### REQUIRED ACTION:
Using the listing below, set down each line from the line containing "T M \<longleftrightarrow>" through the line containing "(* Let $X$ be", both ends included, exactly and with nothing added.

DATASET EXCERPTS Start Marker

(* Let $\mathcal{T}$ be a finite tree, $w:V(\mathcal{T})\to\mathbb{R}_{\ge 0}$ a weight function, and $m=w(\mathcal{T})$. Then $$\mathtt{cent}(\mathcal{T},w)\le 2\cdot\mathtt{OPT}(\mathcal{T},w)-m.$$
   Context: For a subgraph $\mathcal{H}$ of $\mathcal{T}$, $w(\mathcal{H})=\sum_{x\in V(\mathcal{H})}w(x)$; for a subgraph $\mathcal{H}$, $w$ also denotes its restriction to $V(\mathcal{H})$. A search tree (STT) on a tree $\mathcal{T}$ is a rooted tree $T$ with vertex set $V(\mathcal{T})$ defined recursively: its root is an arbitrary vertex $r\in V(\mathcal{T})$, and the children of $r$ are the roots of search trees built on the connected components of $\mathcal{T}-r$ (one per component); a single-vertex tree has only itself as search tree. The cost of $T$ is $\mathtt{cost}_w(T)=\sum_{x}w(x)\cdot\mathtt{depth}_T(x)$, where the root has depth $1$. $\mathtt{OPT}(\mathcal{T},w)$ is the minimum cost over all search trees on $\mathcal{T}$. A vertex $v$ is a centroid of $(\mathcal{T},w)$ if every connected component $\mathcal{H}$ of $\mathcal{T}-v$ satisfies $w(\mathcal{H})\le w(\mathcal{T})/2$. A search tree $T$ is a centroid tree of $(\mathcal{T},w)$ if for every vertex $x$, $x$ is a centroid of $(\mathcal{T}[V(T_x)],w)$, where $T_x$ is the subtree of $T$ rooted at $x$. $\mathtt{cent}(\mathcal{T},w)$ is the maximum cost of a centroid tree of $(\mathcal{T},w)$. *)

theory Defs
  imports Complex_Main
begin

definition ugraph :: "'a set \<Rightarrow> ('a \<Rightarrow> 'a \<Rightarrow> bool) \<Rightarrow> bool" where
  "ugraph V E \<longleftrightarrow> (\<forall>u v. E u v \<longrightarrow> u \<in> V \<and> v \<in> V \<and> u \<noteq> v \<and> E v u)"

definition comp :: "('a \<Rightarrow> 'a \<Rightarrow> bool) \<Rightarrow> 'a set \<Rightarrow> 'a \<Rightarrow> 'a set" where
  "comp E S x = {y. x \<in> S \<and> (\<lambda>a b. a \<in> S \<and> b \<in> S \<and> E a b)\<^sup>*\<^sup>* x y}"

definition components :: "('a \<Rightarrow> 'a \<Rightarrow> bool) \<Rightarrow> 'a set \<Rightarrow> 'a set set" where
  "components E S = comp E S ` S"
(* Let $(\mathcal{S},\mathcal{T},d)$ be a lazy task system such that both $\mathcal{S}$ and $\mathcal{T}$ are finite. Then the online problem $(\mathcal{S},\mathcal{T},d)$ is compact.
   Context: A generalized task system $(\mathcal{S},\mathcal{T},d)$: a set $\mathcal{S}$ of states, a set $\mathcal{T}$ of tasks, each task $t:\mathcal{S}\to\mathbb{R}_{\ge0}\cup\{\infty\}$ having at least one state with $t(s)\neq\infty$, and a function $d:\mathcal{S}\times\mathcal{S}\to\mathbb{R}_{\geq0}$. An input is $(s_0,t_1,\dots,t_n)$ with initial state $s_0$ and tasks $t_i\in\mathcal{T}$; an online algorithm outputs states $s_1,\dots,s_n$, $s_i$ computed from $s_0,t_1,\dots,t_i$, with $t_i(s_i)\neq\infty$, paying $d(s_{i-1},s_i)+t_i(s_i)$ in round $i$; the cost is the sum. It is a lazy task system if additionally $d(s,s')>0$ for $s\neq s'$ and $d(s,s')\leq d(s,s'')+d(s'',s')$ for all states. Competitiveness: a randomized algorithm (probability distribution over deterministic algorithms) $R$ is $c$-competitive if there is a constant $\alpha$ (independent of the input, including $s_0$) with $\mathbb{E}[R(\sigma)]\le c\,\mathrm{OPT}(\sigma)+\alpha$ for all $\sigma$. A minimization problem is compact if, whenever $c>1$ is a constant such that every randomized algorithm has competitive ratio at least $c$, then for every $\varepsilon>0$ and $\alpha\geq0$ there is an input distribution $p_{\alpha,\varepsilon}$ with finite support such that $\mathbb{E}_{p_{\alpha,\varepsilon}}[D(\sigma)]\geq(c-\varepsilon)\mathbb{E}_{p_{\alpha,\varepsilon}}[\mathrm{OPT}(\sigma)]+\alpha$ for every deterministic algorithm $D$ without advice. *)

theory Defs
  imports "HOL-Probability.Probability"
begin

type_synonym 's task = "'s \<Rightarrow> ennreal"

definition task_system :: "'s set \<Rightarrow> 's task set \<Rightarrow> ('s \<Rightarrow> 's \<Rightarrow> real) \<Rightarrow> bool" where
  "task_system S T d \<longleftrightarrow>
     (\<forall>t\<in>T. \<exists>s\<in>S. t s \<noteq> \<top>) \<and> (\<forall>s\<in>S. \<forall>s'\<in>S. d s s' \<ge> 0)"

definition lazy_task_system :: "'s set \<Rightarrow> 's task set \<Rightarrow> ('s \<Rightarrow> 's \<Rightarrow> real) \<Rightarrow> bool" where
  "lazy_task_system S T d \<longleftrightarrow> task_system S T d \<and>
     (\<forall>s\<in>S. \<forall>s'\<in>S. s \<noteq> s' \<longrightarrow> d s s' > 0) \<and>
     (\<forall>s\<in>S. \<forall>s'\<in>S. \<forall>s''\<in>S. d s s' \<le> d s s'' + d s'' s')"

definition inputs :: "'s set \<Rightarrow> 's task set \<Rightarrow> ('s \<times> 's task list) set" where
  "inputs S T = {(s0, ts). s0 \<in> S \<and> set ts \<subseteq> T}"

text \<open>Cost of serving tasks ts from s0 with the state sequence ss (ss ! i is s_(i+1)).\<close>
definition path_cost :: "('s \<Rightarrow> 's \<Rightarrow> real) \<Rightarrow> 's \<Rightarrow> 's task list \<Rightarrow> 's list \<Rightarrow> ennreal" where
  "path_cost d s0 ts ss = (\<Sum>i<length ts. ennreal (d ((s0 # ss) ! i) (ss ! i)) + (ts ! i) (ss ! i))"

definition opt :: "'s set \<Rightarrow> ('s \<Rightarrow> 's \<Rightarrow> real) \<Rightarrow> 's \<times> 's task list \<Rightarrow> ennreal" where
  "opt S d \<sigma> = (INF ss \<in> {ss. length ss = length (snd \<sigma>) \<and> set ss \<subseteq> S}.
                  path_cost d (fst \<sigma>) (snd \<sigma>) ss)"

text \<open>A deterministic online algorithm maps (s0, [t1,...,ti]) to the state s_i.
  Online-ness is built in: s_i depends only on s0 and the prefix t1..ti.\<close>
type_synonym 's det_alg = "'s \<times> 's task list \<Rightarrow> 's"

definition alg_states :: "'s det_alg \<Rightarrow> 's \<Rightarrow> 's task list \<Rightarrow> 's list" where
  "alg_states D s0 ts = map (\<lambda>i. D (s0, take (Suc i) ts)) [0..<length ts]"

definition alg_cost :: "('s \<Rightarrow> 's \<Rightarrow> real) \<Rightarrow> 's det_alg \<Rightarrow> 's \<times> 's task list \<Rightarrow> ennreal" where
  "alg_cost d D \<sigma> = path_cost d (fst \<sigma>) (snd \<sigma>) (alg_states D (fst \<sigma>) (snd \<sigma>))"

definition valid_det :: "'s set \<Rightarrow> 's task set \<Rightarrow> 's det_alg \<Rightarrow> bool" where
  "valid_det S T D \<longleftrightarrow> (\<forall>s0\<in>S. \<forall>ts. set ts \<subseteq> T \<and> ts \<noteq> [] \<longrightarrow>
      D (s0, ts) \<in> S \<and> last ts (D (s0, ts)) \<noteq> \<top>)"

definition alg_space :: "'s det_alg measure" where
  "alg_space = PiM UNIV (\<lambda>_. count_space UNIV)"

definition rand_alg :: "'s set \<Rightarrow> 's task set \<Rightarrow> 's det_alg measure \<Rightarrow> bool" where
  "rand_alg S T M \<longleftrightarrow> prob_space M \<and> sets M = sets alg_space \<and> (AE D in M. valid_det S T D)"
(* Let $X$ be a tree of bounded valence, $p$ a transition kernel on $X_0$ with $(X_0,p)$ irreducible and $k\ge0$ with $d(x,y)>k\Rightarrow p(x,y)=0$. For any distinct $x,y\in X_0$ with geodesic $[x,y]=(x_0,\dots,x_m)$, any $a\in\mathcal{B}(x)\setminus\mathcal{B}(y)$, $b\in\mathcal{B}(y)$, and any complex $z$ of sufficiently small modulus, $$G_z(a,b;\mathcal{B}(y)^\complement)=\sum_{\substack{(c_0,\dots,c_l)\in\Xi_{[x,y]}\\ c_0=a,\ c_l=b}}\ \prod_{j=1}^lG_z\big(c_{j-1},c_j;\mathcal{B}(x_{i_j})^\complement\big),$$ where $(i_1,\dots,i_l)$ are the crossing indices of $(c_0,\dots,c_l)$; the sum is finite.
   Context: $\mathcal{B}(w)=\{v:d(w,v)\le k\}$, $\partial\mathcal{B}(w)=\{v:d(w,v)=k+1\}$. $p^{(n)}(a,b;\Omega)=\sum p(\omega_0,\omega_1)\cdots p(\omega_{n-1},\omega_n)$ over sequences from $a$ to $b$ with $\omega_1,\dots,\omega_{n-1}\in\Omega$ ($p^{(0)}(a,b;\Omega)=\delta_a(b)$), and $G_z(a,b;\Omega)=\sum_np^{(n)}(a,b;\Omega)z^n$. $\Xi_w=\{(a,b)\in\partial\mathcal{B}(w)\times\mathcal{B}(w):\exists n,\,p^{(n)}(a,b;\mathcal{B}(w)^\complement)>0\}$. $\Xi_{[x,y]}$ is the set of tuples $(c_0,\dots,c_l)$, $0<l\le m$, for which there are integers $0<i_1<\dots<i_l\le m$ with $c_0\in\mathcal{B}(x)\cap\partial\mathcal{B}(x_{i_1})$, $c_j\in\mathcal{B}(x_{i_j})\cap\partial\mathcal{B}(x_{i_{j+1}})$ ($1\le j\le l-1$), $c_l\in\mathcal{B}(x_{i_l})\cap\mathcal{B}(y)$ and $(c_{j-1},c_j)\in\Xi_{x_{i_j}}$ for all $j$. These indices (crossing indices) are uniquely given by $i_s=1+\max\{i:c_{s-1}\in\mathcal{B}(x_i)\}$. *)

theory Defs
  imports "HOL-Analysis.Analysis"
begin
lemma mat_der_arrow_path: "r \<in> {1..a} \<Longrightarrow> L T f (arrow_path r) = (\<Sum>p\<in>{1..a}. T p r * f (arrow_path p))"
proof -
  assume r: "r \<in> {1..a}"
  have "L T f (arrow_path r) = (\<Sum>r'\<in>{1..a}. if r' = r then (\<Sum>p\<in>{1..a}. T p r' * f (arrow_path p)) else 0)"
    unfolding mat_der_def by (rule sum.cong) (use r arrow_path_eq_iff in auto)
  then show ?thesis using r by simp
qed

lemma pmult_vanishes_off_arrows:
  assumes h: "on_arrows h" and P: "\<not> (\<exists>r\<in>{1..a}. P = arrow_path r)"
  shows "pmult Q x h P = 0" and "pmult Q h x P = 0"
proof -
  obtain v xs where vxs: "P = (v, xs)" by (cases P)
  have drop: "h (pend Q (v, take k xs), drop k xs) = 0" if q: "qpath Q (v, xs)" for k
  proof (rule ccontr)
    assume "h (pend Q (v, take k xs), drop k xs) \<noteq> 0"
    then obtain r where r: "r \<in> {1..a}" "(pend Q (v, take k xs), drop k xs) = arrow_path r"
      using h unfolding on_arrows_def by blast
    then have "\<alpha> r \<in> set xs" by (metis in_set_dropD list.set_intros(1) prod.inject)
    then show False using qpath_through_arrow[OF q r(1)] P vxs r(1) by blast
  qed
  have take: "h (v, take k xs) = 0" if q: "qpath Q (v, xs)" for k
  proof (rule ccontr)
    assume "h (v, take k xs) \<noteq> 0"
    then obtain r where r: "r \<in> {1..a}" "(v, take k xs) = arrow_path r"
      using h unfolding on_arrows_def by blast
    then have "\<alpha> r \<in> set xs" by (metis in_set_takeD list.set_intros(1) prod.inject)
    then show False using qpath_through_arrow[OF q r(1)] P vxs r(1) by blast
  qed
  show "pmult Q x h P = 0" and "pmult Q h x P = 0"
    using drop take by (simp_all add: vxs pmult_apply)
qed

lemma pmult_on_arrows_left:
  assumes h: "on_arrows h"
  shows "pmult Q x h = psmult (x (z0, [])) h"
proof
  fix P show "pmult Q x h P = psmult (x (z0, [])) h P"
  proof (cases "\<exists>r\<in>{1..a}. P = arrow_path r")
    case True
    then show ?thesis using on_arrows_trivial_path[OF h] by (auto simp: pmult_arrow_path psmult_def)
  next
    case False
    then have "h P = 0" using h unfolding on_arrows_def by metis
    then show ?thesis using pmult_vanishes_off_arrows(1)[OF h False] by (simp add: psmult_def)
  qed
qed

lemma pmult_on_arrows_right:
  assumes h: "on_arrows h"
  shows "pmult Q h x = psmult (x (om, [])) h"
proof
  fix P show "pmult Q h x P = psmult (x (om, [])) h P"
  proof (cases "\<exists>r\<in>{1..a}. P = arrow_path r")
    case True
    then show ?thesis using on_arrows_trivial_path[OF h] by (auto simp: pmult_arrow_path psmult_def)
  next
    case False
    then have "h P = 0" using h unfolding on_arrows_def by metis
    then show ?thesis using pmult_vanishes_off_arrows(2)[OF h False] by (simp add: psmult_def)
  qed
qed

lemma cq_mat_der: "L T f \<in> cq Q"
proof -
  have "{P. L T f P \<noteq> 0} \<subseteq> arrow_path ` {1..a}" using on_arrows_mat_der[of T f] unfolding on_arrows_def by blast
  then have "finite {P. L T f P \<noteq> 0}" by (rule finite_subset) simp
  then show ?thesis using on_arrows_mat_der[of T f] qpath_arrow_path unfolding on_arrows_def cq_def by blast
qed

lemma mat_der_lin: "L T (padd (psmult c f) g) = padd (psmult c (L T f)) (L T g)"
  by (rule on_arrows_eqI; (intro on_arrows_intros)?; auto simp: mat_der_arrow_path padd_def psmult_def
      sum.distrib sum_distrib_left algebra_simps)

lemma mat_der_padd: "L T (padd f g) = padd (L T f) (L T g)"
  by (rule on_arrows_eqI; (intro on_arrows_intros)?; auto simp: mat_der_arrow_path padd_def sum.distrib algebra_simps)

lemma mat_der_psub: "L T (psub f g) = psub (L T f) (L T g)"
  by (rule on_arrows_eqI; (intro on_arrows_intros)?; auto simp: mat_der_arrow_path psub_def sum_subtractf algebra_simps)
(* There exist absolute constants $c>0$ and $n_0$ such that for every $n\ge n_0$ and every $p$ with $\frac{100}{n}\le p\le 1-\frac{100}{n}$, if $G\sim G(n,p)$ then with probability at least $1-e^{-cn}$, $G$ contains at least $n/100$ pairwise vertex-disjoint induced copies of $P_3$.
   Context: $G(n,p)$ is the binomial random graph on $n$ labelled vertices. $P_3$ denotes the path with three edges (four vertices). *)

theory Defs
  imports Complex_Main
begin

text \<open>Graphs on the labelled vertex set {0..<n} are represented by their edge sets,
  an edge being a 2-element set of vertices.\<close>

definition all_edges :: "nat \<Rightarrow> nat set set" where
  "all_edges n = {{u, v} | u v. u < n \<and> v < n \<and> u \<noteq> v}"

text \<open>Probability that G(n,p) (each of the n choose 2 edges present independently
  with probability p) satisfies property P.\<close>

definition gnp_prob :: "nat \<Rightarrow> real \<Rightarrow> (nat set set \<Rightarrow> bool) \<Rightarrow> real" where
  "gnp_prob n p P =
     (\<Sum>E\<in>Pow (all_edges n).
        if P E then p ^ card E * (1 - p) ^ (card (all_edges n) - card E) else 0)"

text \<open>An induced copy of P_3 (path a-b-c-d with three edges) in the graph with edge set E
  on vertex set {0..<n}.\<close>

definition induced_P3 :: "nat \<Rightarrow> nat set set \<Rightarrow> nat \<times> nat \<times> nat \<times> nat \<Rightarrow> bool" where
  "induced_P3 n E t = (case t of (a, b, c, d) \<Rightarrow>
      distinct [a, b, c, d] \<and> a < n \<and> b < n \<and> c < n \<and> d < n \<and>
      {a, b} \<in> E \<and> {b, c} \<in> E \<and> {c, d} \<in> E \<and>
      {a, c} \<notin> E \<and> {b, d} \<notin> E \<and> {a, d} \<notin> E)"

DATASET EXCERPTS End Marker

### YOUR RESPONSE:
  "rand_alg S T M \<longleftrightarrow> prob_space M \<and> sets M = sets alg_space \<and> (AE D in M. valid_det S T D)"
(* Let $X$ be a tree of bounded valence, $p$ a transition kernel on $X_0$ with $(X_0,p)$ irreducible and $k\ge0$ with $d(x,y)>k\Rightarrow p(x,y)=0$. For any distinct $x,y\in X_0$ with geodesic $[x,y]=(x_0,\dots,x_m)$, any $a\in\mathcal{B}(x)\setminus\mathcal{B}(y)$, $b\in\mathcal{B}(y)$, and any complex $z$ of sufficiently small modulus, $$G_z(a,b;\mathcal{B}(y)^\complement)=\sum_{\substack{(c_0,\dots,c_l)\in\Xi_{[x,y]}\\ c_0=a,\ c_l=b}}\ \prod_{j=1}^lG_z\big(c_{j-1},c_j;\mathcal{B}(x_{i_j})^\complement\big),$$ where $(i_1,\dots,i_l)$ are the crossing indices of $(c_0,\dots,c_l)$; the sum is finite.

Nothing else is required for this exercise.